Matjaž Barborič
Matjaž Barborič is a group leader at the Faculty of Medicine, University of Helsinki, Finland. He received his B.Sc. in Microbiology from the University of Ljubljana in 1998 and earned a Ph.D. in Biomedicine and Molecular Biology from the University of Ljubljana School of Medicine in 2005. His graduate work, carried out at the University of California, San Francisco (UCSF) under the mentorship of Professor B. Matija Peterlin, was among the first to demonstrate that eukaryotic transcription can be regulated at the level of RNA polymerase II elongation. He discovered that transcriptional activators and repressors modulate gene expression via the P-TEFb (CDK9 – Cyclin T) kinase. During his postdoctoral training with Dr. B. Matija Peterlin at UCSF – funded by a prestigious The American Foundation for AIDS Research fellowship – he further revealed how the non-coding 7SK snRNA controls P-TEFb activity, how HIV Tat circumvents this regulation to enable viral replication, and how the 7SK – P-TEFb axis is critical for vertebrate development and pre-mRNA maturation. In 2010, Dr. Barborič was appointed Academy of Finland Research Fellow, launching his independent research career at the University of Helsinki, and in 2019 he became a Sigrid Juselius Senior Investigator.
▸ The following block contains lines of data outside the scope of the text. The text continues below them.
lemma inner_defect_le:
  fixes G :: "'a::euclidean_space \<Rightarrow> 'b::euclidean_space"
  assumes G: "linear G" and contr: "\<And>v. norm (G v) \<le> norm v"
  shows "\<bar>G x \<bullet> (G z - G (adjoint G (G z)))\<bar> \<le> sqrt (norm x ^ 2 - norm (G x) ^ 2) * norm z"
proof -
  let ?H = "adjoint G"
  have "G x \<bullet> (G z - G (?H (G z))) = x \<bullet> ?H (G z) - ?H (G x) \<bullet> ?H (G z)"
    using adjoint_clauses(1)[OF G, of x "G z"] adjoint_clauses(2)[OF G, of "G x" "?H (G z)"]
    by (simp add: inner_diff_right)
  then have "\<bar>G x \<bullet> (G z - G (?H (G z)))\<bar> \<le> norm (x - ?H (G x)) * norm (?H (G z))"
    by (metis Cauchy_Schwarz_ineq2 inner_diff_left)
  also have "\<dots> \<le> sqrt (norm x ^ 2 - norm (G x) ^ 2) * norm z"
  proof (rule mult_mono)
    show "norm (x - ?H (G x)) \<le> sqrt (norm x ^ 2 - norm (G x) ^ 2)"
      using norm_sub_adjoint_le[OF G contr] real_le_rsqrt by blast
    show "norm (?H (G z)) \<le> norm z"
      using norm_adjoint_le[OF G contr, of "G z"] contr[of z] by linarith
  qed (simp_all add: contr)
  finally show ?thesis .
qed

text \<open>The Riesz representative \<open>r = adjoint g 1\<close> of \<open>g\<close> has \<open>\<parallel>r\<parallel> \<le> 1\<close>, so
  \<open>\<parallel>r - u\<parallel>\<^sup>2 \<le> 2 - 2 g u < 2 \<delta>\<close>.\<close>

lemma abs_functional_le_inner_if_almost_norming:
  fixes g :: "'b::euclidean_space \<Rightarrow> real"
  assumes g: "linear g" and g_le: "\<And>y. \<bar>g y\<bar> \<le> norm y"
    and u: "norm u \<le> 1" and gu: "g u > 1 - \<delta>"
  shows "\<bar>g v\<bar> \<le> \<bar>v \<bullet> u\<bar> + norm v * sqrt (2 * \<delta>)"
proof -
  define r where "r = adjoint g 1"
  have g_eq: "g y = y \<bullet> r" for y
    using adjoint_clauses(1)[OF g, of y 1] by (simp add: r_def)
  have "norm r ^ 2 \<le> norm r"
    using g_le[of r] by (simp add: g_eq power2_norm_eq_inner)
  then have "norm r \<le> 1"
    by (cases "r = 0") (simp_all add: power2_eq_square mult_le_cancel_left1)
  then have "norm r ^ 2 \<le> 1" by (simp add: power_le_one)
  moreover have "norm u ^ 2 \<le> 1" using u by (simp add: power_le_one)
  ultimately have "norm (r - u) ^ 2 \<le> 2 * \<delta>"
    using gu by (simp add: g_eq power2_norm_eq_inner inner_diff_left inner_diff_right inner_commute)
  then have ru: "norm (r - u) \<le> sqrt (2 * \<delta>)" using real_le_rsqrt by blast
  have "\<bar>g v\<bar> = \<bar>v \<bullet> u + v \<bullet> (r - u)\<bar>" by (simp add: g_eq inner_diff_right)
  also have "\<dots> \<le> \<bar>v \<bullet> u\<bar> + \<bar>v \<bullet> (r - u)\<bar>" by (rule abs_triangle_ineq)
  also have "\<bar>v \<bullet> (r - u)\<bar> \<le> norm v * norm (r - u)" by (rule Cauchy_Schwarz_ineq2)
  also have "\<dots> \<le> norm v * sqrt (2 * \<delta>)" using ru by (simp add: mult_left_mono)
  finally show ?thesis by simp
qed

lemma functional_defect_le:
  fixes G :: "'a::euclidean_space \<Rightarrow> 'b::euclidean_space"
  assumes G: "linear G" and contr: "\<And>v. norm (G v) \<le> norm v"
    and g: "linear g" and g_le: "\<And>y. \<bar>g y\<bar> \<le> norm y"
    and x: "norm x = 1" and gGx: "g (G x) > 1 - \<delta>"
  shows "\<bar>g (G z - G (adjoint G (G z)))\<bar>
    \<le> sqrt (2 * \<delta>) * (norm z + norm (G z - G (adjoint G (G z))))"
proof -
  define w where "w = G z - G (adjoint G (G z))"
  have Gx: "norm (G x) \<le> 1" using contr[of x] x by simp
  have "1 - norm (G x) < \<delta>"
    using abs_ge_self[of "g (G x)"] g_le[of "G x"] gGx by linarith
  then have "1 - norm (G x) ^ 2 \<le> 2 * \<delta>"
    using zero_le_square[of "1 - norm (G x)"] by (simp add: power2_eq_square algebra_simps)
  then have "sqrt (norm x ^ 2 - norm (G x) ^ 2) * norm z \<le> sqrt (2 * \<delta>) * norm z"
    using x by (intro mult_right_mono) simp_all
  moreover have "\<bar>G x \<bullet> w\<bar> \<le> sqrt (norm x ^ 2 - norm (G x) ^ 2) * norm z"
    unfolding w_def by (rule inner_defect_le[OF G contr])
  moreover have "\<bar>g w\<bar> \<le> \<bar>w \<bullet> G x\<bar> + norm w * sqrt (2 * \<delta>)"
    by (rule abs_functional_le_inner_if_almost_norming[OF g g_le Gx gGx])
  ultimately have "\<bar>g w\<bar> \<le> sqrt (2 * \<delta>) * (norm z + norm w)"
    by (simp add: inner_commute algebra_simps)
  then show ?thesis by (simp only: w_def)
qed
(* Let $n\ge 1$ and $\mathbf{x}\in\{0,1\}^n$. Let $\omega=\omega(\mathbf{x}')$ be the Hamming weight of the derivative sequence $\mathbf{x}'$, let $m$ be the number of 1-runs in $\mathbf{x}'$, and let $m_1$ be the number of 1-runs of length $1$ in $\mathbf{x}'$. Then (a) $|\Phi_1(\mathbf{x})| = 1+\omega = r(\mathbf{x})$; (b) $|\Phi_2(\mathbf{x})| = 1+m+\binom{\omega}{2}$; (c) $|\Phi_3(\mathbf{x})| = 1+m_1+m(\omega-3)+\binom{\omega}{3}-\binom{\omega}{2}+2\omega$.
   Context: A grain pattern of length $n$ is a subset $E\subseteq\{2,\dots,n\}$ containing no two consecutive integers. For such $E$, the map $\phi_E:\{0,1\}^n\to\{0,1\}^n$ sends $\mathbf{x}=(x_1,\dots,x_n)$ to $\mathbf{y}=(y_1,\dots,y_n)$ with $y_j=x_{j-1}$ if $j\in E$ and $y_j=x_j$ otherwise. For $t\ge0$, $\mathcal{E}_{n,t}$ is the set of grain patterns $E$ of length $n$ with $|E|\le t$, and $\Phi_t(\mathbf{x})=\{\phi_E(\mathbf{x}):E\in\mathcal{E}_{n,t}\}$ (a set, so distinct patterns giving the same sequence are counted once). A run of $\mathbf{x}$ is a maximal block of consecutive identical symbols; $r(\mathbf{x})$ is the number of runs of $\mathbf{x}$. The derivative sequence of $\mathbf{x}$ is $\mathbf{x}'=(x'_2,\dots,x'_n)$ with $x'_j=x_{j-1}\oplus x_j$ (addition mod 2); a 1-run of $\mathbf{x}'$ is a maximal block of consecutive 1s in $\mathbf{x}'$. Binomial coefficients $\binom{a}{b}$ are $0$ when $b>a\ge 0$. *)

theory Defs
  imports Main
begin

text \<open>Binary sequences of length n are lists of booleans of length n (True = 1).
  The paper's 1-based index j corresponds to list position j - 1.\<close>

definition grain_pattern :: "nat \<Rightarrow> nat set \<Rightarrow> bool" where
  "grain_pattern n E \<longleftrightarrow> E \<subseteq> {2..n} \<and> (\<forall>j\<in>E. Suc j \<notin> E)"

definition phi :: "nat set \<Rightarrow> bool list \<Rightarrow> bool list" where
  "phi E x = map (\<lambda>j. if j \<in> E then x ! (j - 2) else x ! (j - 1)) [1..<Suc (length x)]"

definition Phi :: "nat \<Rightarrow> bool list \<Rightarrow> bool list set" where
  "Phi t x = {phi E x | E. grain_pattern (length x) E \<and> card E \<le> t}"

definition runs :: "bool list \<Rightarrow> (nat \<times> nat) set" where
  "runs xs = {(i, j). i \<le> j \<and> j < length xs \<and> (\<forall>k\<in>{i..j}. xs ! k = xs ! i)
     \<and> (i = 0 \<or> xs ! (i - 1) \<noteq> xs ! i) \<and> (Suc j = length xs \<or> xs ! Suc j \<noteq> xs ! i)}"

definition num_runs :: "bool list \<Rightarrow> nat" where
  "num_runs xs = card (runs xs)"

definition one_runs :: "bool list \<Rightarrow> (nat \<times> nat) set" where
  "one_runs xs = {(i, j) \<in> runs xs. xs ! i}"

definition deriv_seq :: "bool list \<Rightarrow> bool list" where
  "deriv_seq x = map (\<lambda>(a, b). a \<noteq> b) (zip x (tl x))"

definition hamming_weight :: "bool list \<Rightarrow> nat" where
  "hamming_weight xs = length (filter id xs)"

end

theory Submission
  imports Defs
begin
Research projects: Dr. Barborič’s laboratory uses biochemical, genomic, and functional approaches to make foundational advances in understanding how transcriptional cyclin-dependent kinases (tCDKs) regulate gene expression, with implications for cancer, DNA damage response and resilience to cellular stress. His group uncovered the molecular basis for how mutated CDK12 ceased to function as a tumor suppressor in ovarian and other cancers. In collaboration with colleagues, his group discovered that, following genotoxic stress, the RNA-binding protein RBM7 triggers release of P-TEFb from the inhibitory 7SK snRNP, promoting Pol II pause-release within a transcriptional program crucial for the survival of stressed cells. Subsequent studies demonstrated that CDK12 inhibition activates P-TEFb, creating a synthetic-lethal vulnerability of cancer cells to combined inhibition of CDK9 and CDK12. The team also revealed that P-TEFb modulates cancer cell fate downstream of p53: its selective inhibition synergizes with MDM2 inhibitors to switch cells from cell-cycle arrest toward apoptosis. Beyond mechanistic dissection, these contributions highlight translational potential: they suggest rational combinatorial therapies that exploit cancer cells’ dependence on transcriptional control by tCDKs. His lab continues to explore how tCDKs coordinate with gene regulators, noncoding RNAs and cell signaling networks in cancer and rare disease models. As an ASEF mentor, he is eager to assist mentees formulate bold hypotheses, design integrative experiments, and translate mechanistic insights into innovative treatments.